What is required:
Among the entries below, extract exactly the lines that run from the one with "f)\<^sup>2 = (\<Sum>\<^sub>\<infinity>n." through the one with "by (rule summable_on_Re[OF", both ends included.

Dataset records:
lemma summable_on_h2_inner:
  assumes "f \<in> hardy" "g \<in> hardy"
  shows "(\<lambda>n. f n * cnj (g n)) summable_on UNIV"
proof -
  have "(\<lambda>n. (cmod (f n))\<^sup>2 + (cmod (g n))\<^sup>2) summable_on UNIV"
    using assms by (intro summable_on_add) (auto simp: hardy_iff)
  then have "(\<lambda>n. norm (f n * cnj (g n))) summable_on UNIV"
  proof (rule summable_on_comparison_test)
    fix n
    have "cmod (f n) * cmod (g n) \<le> (cmod (f n))\<^sup>2 + (cmod (g n))\<^sup>2"
      using sum_squares_bound[of "cmod (f n)" "cmod (g n)"]
        mult_nonneg_nonneg[OF norm_ge_zero norm_ge_zero, of "f n" "g n"] by linarith
    then show "norm (f n * cnj (g n)) \<le> (cmod (f n))\<^sup>2 + (cmod (g n))\<^sup>2"
      by (simp add: norm_mult)
  qed simp
  then show ?thesis
    using summable_on_iff_abs_summable_on_complex by blast
qed

lemma hardy_add:
  assumes "f \<in> hardy" "g \<in> hardy"
  shows "(\<lambda>n. f n + g n) \<in> hardy"
  unfolding hardy_iff
proof (rule summable_on_comparison_test)
  show "(\<lambda>n. 2 * (cmod (f n))\<^sup>2 + 2 * (cmod (g n))\<^sup>2) summable_on UNIV"
    using assms by (intro summable_on_add summable_on_cmult_right) (auto simp: hardy_iff)
  fix n
  have "(cmod (f n + g n))\<^sup>2 \<le> (cmod (f n) + cmod (g n))\<^sup>2"
    by (simp add: norm_triangle_ineq power_mono)
  also have "\<dots> \<le> 2 * (cmod (f n))\<^sup>2 + 2 * (cmod (g n))\<^sup>2"
    using sum_squares_bound[of "cmod (f n)" "cmod (g n)"] unfolding power2_sum by linarith
  finally show "(cmod (f n + g n))\<^sup>2 \<le> 2 * (cmod (f n))\<^sup>2 + 2 * (cmod (g n))\<^sup>2" .
qed simp

lemma hardy_scale:
  assumes "f \<in> hardy"
  shows "(\<lambda>n. c * f n) \<in> hardy"
  using summable_on_cmult_right[of "\<lambda>n. (cmod (f n))\<^sup>2" UNIV "(cmod c)\<^sup>2"] assms
  by (simp add: hardy_iff norm_mult power_mult_distrib)

lemma h2_norm_power2: "(h2_norm f)\<^sup>2 = (\<Sum>\<^sub>\<infinity>n. (cmod (f n))\<^sup>2)"
  unfolding h2_norm_def by (simp add: infsum_nonneg)

lemma h2_norm_add_power2:
  assumes "f \<in> hardy" "g \<in> hardy"
  shows "(h2_norm (\<lambda>n. f n + g n))\<^sup>2 = (h2_norm f)\<^sup>2 + (h2_norm g)\<^sup>2 + 2 * Re (h2_inner f g)"
proof -
  have pointwise: "(cmod (f n + g n))\<^sup>2 = (cmod (f n))\<^sup>2 + (cmod (g n))\<^sup>2 + 2 * Re (f n * cnj (g n))"
    for n
    by (simp only: cmod_power2 plus_complex.sel) (simp add: power2_sum)
  have f: "(\<lambda>n. (cmod (f n))\<^sup>2) summable_on UNIV" and g: "(\<lambda>n. (cmod (g n))\<^sup>2) summable_on UNIV"
    using assms by (auto simp: hardy_iff)
  have fg: "(\<lambda>n. Re (f n * cnj (g n))) summable_on UNIV"
    by (rule summable_on_Re[OF summable_on_h2_inner[OF assms]])
  have "(\<Sum>\<^sub>\<infinity>n. (cmod (f n + g n))\<^sup>2)
      = (\<Sum>\<^sub>\<infinity>n. (cmod (f n))\<^sup>2 + (cmod (g n))\<^sup>2) + (\<Sum>\<^sub>\<infinity>n. 2 * Re (f n * cnj (g n)))"
    unfolding pointwise
    by (rule infsum_add[OF summable_on_add[OF f g] summable_on_cmult_right[OF fg]])
  also have "\<dots> = (\<Sum>\<^sub>\<infinity>n. (cmod (f n))\<^sup>2) + (\<Sum>\<^sub>\<infinity>n. (cmod (g n))\<^sup>2)
      + 2 * (\<Sum>\<^sub>\<infinity>n. Re (f n * cnj (g n)))"
    by (simp only: infsum_add[OF f g] infsum_cmult_right')
  also have "(\<Sum>\<^sub>\<infinity>n. Re (f n * cnj (g n))) = Re (h2_inner f g)"
    unfolding h2_inner_def by (rule infsum_Re[OF summable_on_h2_inner[OF assms]])
  finally show ?thesis
    by (simp add: h2_norm_power2)
qed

Completed exercise:
lemma h2_norm_power2: "(h2_norm f)\<^sup>2 = (\<Sum>\<^sub>\<infinity>n. (cmod (f n))\<^sup>2)"
  unfolding h2_norm_def by (simp add: infsum_nonneg)

lemma h2_norm_add_power2:
  assumes "f \<in> hardy" "g \<in> hardy"
  shows "(h2_norm (\<lambda>n. f n + g n))\<^sup>2 = (h2_norm f)\<^sup>2 + (h2_norm g)\<^sup>2 + 2 * Re (h2_inner f g)"
proof -
  have pointwise: "(cmod (f n + g n))\<^sup>2 = (cmod (f n))\<^sup>2 + (cmod (g n))\<^sup>2 + 2 * Re (f n * cnj (g n))"
    for n
    by (simp only: cmod_power2 plus_complex.sel) (simp add: power2_sum)
  have f: "(\<lambda>n. (cmod (f n))\<^sup>2) summable_on UNIV" and g: "(\<lambda>n. (cmod (g n))\<^sup>2) summable_on UNIV"
    using assms by (auto simp: hardy_iff)
  have fg: "(\<lambda>n. Re (f n * cnj (g n))) summable_on UNIV"
    by (rule summable_on_Re[OF summable_on_h2_inner[OF assms]])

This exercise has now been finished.